Proposition: Let $\mathfrak{g}$ be a simple Lie algebra and consider the Cartan-Weyl basis, $H,H^{\prime }\in \mathfrak{h}$ be generators of the Cartan subalgebra and $E,E^{\prime }\in \mathfrak{g}\setminus \mathfrak{h}$ be generators of the remaining algebra with $\alpha ,{\alpha }^{\prime }\in {\mathfrak{h}}^{\ast }$ the corresponding roots. Then the following identities are true.

1. $[H,H^{\prime }]=0$
2. $[H,E]=\alpha (H)E$,
3. If $\alpha +{\alpha }^{\prime }=0$ then $[E,E^{\prime }]=\frac{2\alpha \cdot H}{⟨\alpha ,\alpha ⟩}$, where $\alpha \cdot H=\sum _{i=0}^{\text{dim}\mathfrak{h}}{\alpha }^i{H}^i$.
4. If $\alpha +{\alpha }^{\prime }$ is also a root corresponding to generator $\overline{E}$ then there exists a $\lambda \in \mathbb{C}$ such that $[E,E^{\prime }]=\lambda \overline{E}$.
5. If $\alpha +{\alpha }^{\prime }$ is none of the above, then $[E,E^{\prime }]=0$.

Killing Form

Since we have a representation of the algebra onto itself, it would be nice to find an "inner product" on the Lie algebra that is invariant under the action of itself. Just like we have orthogonal transformations and we find the Euclidean inner product that is invariant under them.

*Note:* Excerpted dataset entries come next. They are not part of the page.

(* Under the hypotheses of the sequential gradient descent setting (see context), for every $k\in\mathbb{N}$, $$J_{k+1}(x_{k+1})\le J_k(x_{k+1})\le J_k(x_k);$$ in particular the sequence $\{J_k(x_k)\}_k$ is nonincreasing.
   Context: $Q\in\mathbb{R}^{n\times n}$ symmetric positive semidefinite, $q\in\mathbb{R}^n$, $A\in\mathbb{R}^{n\times n}$ symmetric positive definite, $v\in\mathbb{R}^n$. $f(x)=\tfrac12 x^\top Qx+q^\top x$, $g(x)=(x-v)^\top A(x-v)$, $\mathcal{C}=\{x:g(x)\le1\}$, $\partial\mathcal{C}=\{x:g(x)=1\}$, $J_k(x)=f(x)+\frac{m}{k}g(x)^k$, $L_k=\bar\sigma(Q+m(4k-2)A)$, $r=\sqrt{\underline\sigma(A)}/\bar\sigma(A)$ ($\bar\sigma,\underline\sigma$ largest/smallest singular value). Setting: $m>0$ satisfies Requirement 2, namely with $w(x)=\nabla f(x)+m\nabla g(x)$, $\|w(x)\|^2\|\nabla g(x)\|\le 2rL_1\langle w(x),\nabla g(x)\rangle$ for all $x\in\partial\mathcal{C}$; $x_1\in\mathcal{C}$; $x_{k+1}=x_k-\gamma_k\nabla J_k(x_k)$ with $0<\gamma_k\le1/L_k$, $\sum_k\gamma_k^2<\infty$, $\sum_k\gamma_k=\infty$. *)

theory Defs
  imports "HOL-Analysis.Analysis"
begin

definition grad :: "('a::euclidean_space \<Rightarrow> real) \<Rightarrow> 'a \<Rightarrow> 'a" where
  "grad F x = (THE D. (F has_derivative (\<lambda>h. D \<bullet> h)) (at x))"

definition sigma_max :: "real^'n^'n \<Rightarrow> real" where
  "sigma_max M = onorm (\<lambda>x. M *v x)"

definition sigma_min :: "real^'n^'n \<Rightarrow> real" where
  "sigma_min M = Inf {norm (M *v x) | x. norm x = 1}"

end

theory Submission
  imports Defs
begin

text \<open>
  The first inequality only needs \<open>g (x (k + 1)) \<le> 1\<close>: then \<open>0 \<le> g \<le> 1\<close> there, so
  \<open>g ^ (k + 1) \<le> g ^ k\<close>, and \<open>m / (k + 1) \<le> m / k\<close>. The second is the descent lemma for a
  gradient step of length at most \<open>1 / L k\<close>: on the convex set \<open>C\<close> the gradient of \<open>J k\<close>
  satisfies the one-sided Lipschitz bound \<open>(a - b) \<bullet> (\<nabla>J k a - \<nabla>J k b) \<le> L k * \<parallel>a - b\<parallel>\<^sup>2\<close>,
  which reduces, via Cauchy-Schwarz for \<open>A\<close>, to a scalar inequality for the penalty term.

  Both therefore rest on the invariance of \<open>C\<close> under the gradient step \<open>T\<close>. On the boundary
  this is what Requirement 2 provides. If \<open>T\<close> took an interior point \<open>x\<close> out of \<open>C\<close>, let \<open>n\<close>
  be the outer normal at \<open>T x\<close> of the level set of \<open>g\<close> through \<open>T x\<close>, and \<open>z\<close> the point where
  the ray \<open>x + t n\<close> leaves \<open>C\<close>. The one-sided Lipschitz bound makes \<open>T\<close> monotone, so
  \<open>n \<bullet> T z \<ge> n \<bullet> T x\<close>; but \<open>T z \<in> C\<close> lies strictly on the other side of the tangent
  hyperplane at \<open>T x\<close>.
\<close>

section \<open>Gradients, quadratic forms and singular values\<close>

lemma grad_eqI:
  fixes F :: "'a::euclidean_space \<Rightarrow> real"
  assumes "(F has_derivative (\<lambda>h. D \<bullet> h)) (at x)"
  shows "grad F x = D"
  unfolding grad_def
proof (rule the_equality)
  fix D' assume "(F has_derivative (\<lambda>h. D' \<bullet> h)) (at x)"
  then have "(\<lambda>h. D' \<bullet> h) = (\<lambda>h. D \<bullet> h)"
    using has_derivative_unique assms by blast
  then have "(D' - D) \<bullet> (D' - D) = 0"
    by (metis inner_diff_left diff_self)
  then show "D' = D" by simp
qed (rule assms)
lemma etens_length_weight:
  "length L = Suc n \<Longrightarrow> etens e f n i L = Some L' \<Longrightarrow>
    length L' = Suc n \<and> (\<Sum>y\<leftarrow>L'. wt y i) = (\<Sum>y\<leftarrow>L. wt y i) + 2"
proof (induction n arbitrary: L L')
  case 0
  then obtain x where "L = [x]" by (cases L) auto
  with 0 obtain y where "e i x = Some y" "L' = [y]" by auto
  with \<open>L = [x]\<close> show ?case using weight_e by auto
next
  case (Suc n)
  then obtain x ys where L: "L = x # ys" "length ys = Suc n" by (cases L) auto
  show ?case
  proof (cases "depth (etens e f n i) ys \<le> depth (f i) x")
    case True
    with Suc.prems L obtain y where "e i x = Some y" "L' = y # ys" by auto
    with L show ?thesis using weight_e by auto
  next
    case False
    with Suc.prems L obtain ys' where "etens e f n i ys = Some ys'" "L' = x # ys'" by auto
    with L Suc.IH show ?thesis by auto
  qed
qed

lemma terminates_etens:
  assumes "length L = Suc n"
  shows "terminates (etens e f n i) L"
proof (rule terminates_by_weight[where S = "{xs. length xs = Suc n}" and w = "\<lambda>xs. \<Sum>y\<leftarrow>xs. wt y i"])
  show "finite {xs :: 'b list. length xs = Suc n}"
    using finite_lists_length_eq[OF finite_UNIV, of "Suc n"] by simp
next
  fix u v assume "u \<in> {xs. length xs = Suc n}" "etens e f n i u = Some v"
  then show "v \<in> {xs. length xs = Suc n} \<and> (\<Sum>y\<leftarrow>u. wt y i) < (\<Sum>y\<leftarrow>v. wt y i)"
    using etens_length_weight[of u n v] by auto
qed (use assms in simp)

lemma depth_etens_None:
  "length L = Suc n \<Longrightarrow> etens e f n i L = None \<Longrightarrow> depth (etens e f n i) L = 0"
  using depth_unfold[OF terminates_etens] by simp

lemma depth_etens_Some:
  "length L = Suc n \<Longrightarrow> etens e f n i L = Some L' \<Longrightarrow>
    depth (etens e f n i) L = Suc (depth (etens e f n i) L')"
  using depth_unfold[OF terminates_etens] by simp

lemma depth_etens_Cons:
  "length ys = Suc n \<Longrightarrow> int (depth (etens e f (Suc n) i) (x # ys)) =
    max (int (depth (e i) x))
        (int (depth (e i) x) + int (depth (etens e f n i) ys) - int (depth (f i) x))"
proof (induction "depth (e i) x + depth (etens e f n i) ys" arbitrary: x ys rule: less_induct)
  case less
  have len: "length (x # ys) = Suc (Suc n)" using less.prems by simp
  show ?case
  proof (cases "depth (etens e f n i) ys \<le> depth (f i) x")
    case le: True
    show ?thesis
    proof (cases "e i x")
      case None
      then show ?thesis
        using le depth_e_None depth_etens_None[OF len] by simp
    next
      case (Some y)
      then have "etens e f (Suc n) i (x # ys) = Some (y # ys)" using le by simp
      moreover note depth_e_Some[OF Some]
      moreover have "int (depth (etens e f (Suc n) i) (y # ys)) =
          max (int (depth (e i) y)) (int (depth (e i) y) + int (depth (etens e f n i) ys) - int (depth (f i) y))"
        using less depth_e_Some[OF Some] by simp
      ultimately show ?thesis using le depth_etens_Some[OF len] by simp
    qed
  next
    case gt: False
    then obtain ys' where ys': "etens e f n i ys = Some ys'"
      using depth_etens_None[OF less.prems] by fastforce
    have len': "length ys' = Suc n" using etens_length_weight[OF less.prems ys'] by simp
    have "etens e f (Suc n) i (x # ys) = Some (x # ys')" using gt ys' by simp
    moreover note depth_etens_Some[OF less.prems ys']
    moreover have "int (depth (etens e f (Suc n) i) (x # ys')) =
        max (int (depth (e i) x)) (int (depth (e i) x) + int (depth (etens e f n i) ys') - int (depth (f i) x))"
      using less.hyps[OF _ len'] depth_etens_Some[OF less.prems ys'] by simp
    ultimately show ?thesis using gt depth_etens_Some[OF len] by simp
  qed
qed
lemma entry_extend_with:
  assumes "length \<tau> = k" "1 \<le> i" "i \<le> k + 2"
  shows "entry (extend_with \<tau> x y) i =
    (if i \<le> k then nth_avoiding x y (entry \<tau> i) else if i = k + 1 then x else y)"
  using assms by (auto simp: extend_with_def entry_def nth_append)

lemma extend_with_is_perm:
  assumes \<tau>: "is_perm k \<tau>" and xy: "x \<noteq> y" "x \<in> {1..k + 2}" "y \<in> {1..k + 2}"
  shows "is_perm (k + 2) (extend_with \<tau> x y)"
proof (rule is_perm_if_range_distinct)
  have "inj (nth_avoiding x y)" using strict_mono_nth_avoiding by (rule strict_mono_imp_inj_on)
  then have "distinct (map (nth_avoiding x y) \<tau>)"
    using \<tau> by (simp add: is_perm_def distinct_map inj_on_subset[of _ UNIV])
  then show "distinct (extend_with \<tau> x y)"
    using xy(1) nth_avoiding_neq[symmetric] by (auto simp: extend_with_def)
  have "nth_avoiding x y j \<in> {1..k + 2}" if "j \<in> set \<tau>" for j
    using that \<tau> nth_avoiding_bounds[of j x y] by (auto simp: is_perm_def)
  then show "set (extend_with \<tau> x y) \<subseteq> {1..k + 2}"
    using xy by (auto simp: extend_with_def)
qed (use \<tau> in \<open>simp add: extend_with_def is_perm_def\<close>)

lemma pattern_take_extend_with:
  assumes "is_perm k \<tau>"
  shows "pattern (take k (extend_with \<tau> x y)) = \<tau>"
proof -
  have "strict_mono_on (set \<tau>) (nth_avoiding x y)"
    by (rule monotone_on_subset[OF strict_mono_nth_avoiding]) simp
  then have "pattern (map (nth_avoiding x y) \<tau>) = \<tau>"
    using assms by (simp add: pattern_map_strict_mono pattern_of_perm)
  then show ?thesis using assms by (simp add: extend_with_def is_perm_def)
qed

lemma eq_extend_with:
  assumes \<tau>: "is_perm k \<tau>" and t: "is_perm (k + 2) t" and pat: "pattern (take k t) = \<tau>"
  shows "t = extend_with \<tau> (entry t (k + 1)) (entry t (k + 2))"
proof -
  let ?x = "entry t (k + 1)" and ?y = "entry t (k + 2)"
  let ?e = "extend_with \<tau> ?x ?y"
  have "?x \<noteq> ?y" using is_perm_entry_inj[OF t, of "k + 1" "k + 2"] by auto
  moreover have "?x \<in> {1..k + 2}" "?y \<in> {1..k + 2}" using is_perm_entry_range[OF t] by auto
  ultimately have e: "is_perm (k + 2) ?e" using extend_with_is_perm[OF \<tau>] by blast
  have len: "length t = k + 2" "length ?e = k + 2" using t e by (simp_all add: is_perm_def)
  have "drop k ?e = [?x, ?y]" using \<tau> by (simp add: extend_with_def is_perm_def)
  moreover have drop_t: "drop k t = [?x, ?y]" using drop_eq_last_two[OF len(1)] .
  ultimately have "set (take k t) = set (take k ?e)"
    using set_take_perm[OF t] set_take_perm[OF e] by simp
  moreover have "pattern (take k t) = pattern (take k ?e)"
    using pat pattern_take_extend_with[OF \<tau>] by simp
  ultimately have "take k t = take k ?e" by (rule pattern_inj)
  then show ?thesis using drop_t \<open>drop k ?e = [?x, ?y]\<close> by (metis append_take_drop_id)
qed

lemma length_layered_of [simp]: "length (layered_of as s) = sum_list as"
  by (induction as arbitrary: s) auto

Notice that since the Lie algebras we are considering are all complex they carry a Hermitian inner product. So talking about lengths and stuff is always possible. However finding an $\text{ad}$ invariant inner product isn't. So we have to relax something.

Turns out that if we want something to be linear symmetric and invariant under Lie algebra automorphisms in a simple Lie algebra we don't really have many choices.

Theorem: Let $\mathfrak{g}$ be a simple Lie algebra. Then any Lie algebra automorphism invariant symmetric bilinear form $K:\mathfrak{g}\times \mathfrak{g}\to \mathbb{C}$ is given by

$$K=\lambda \text{tr}({\text{ad}}_X\circ {\text{ad}}_Y)$$

where $\lambda \in \mathbb{C}$ is any number.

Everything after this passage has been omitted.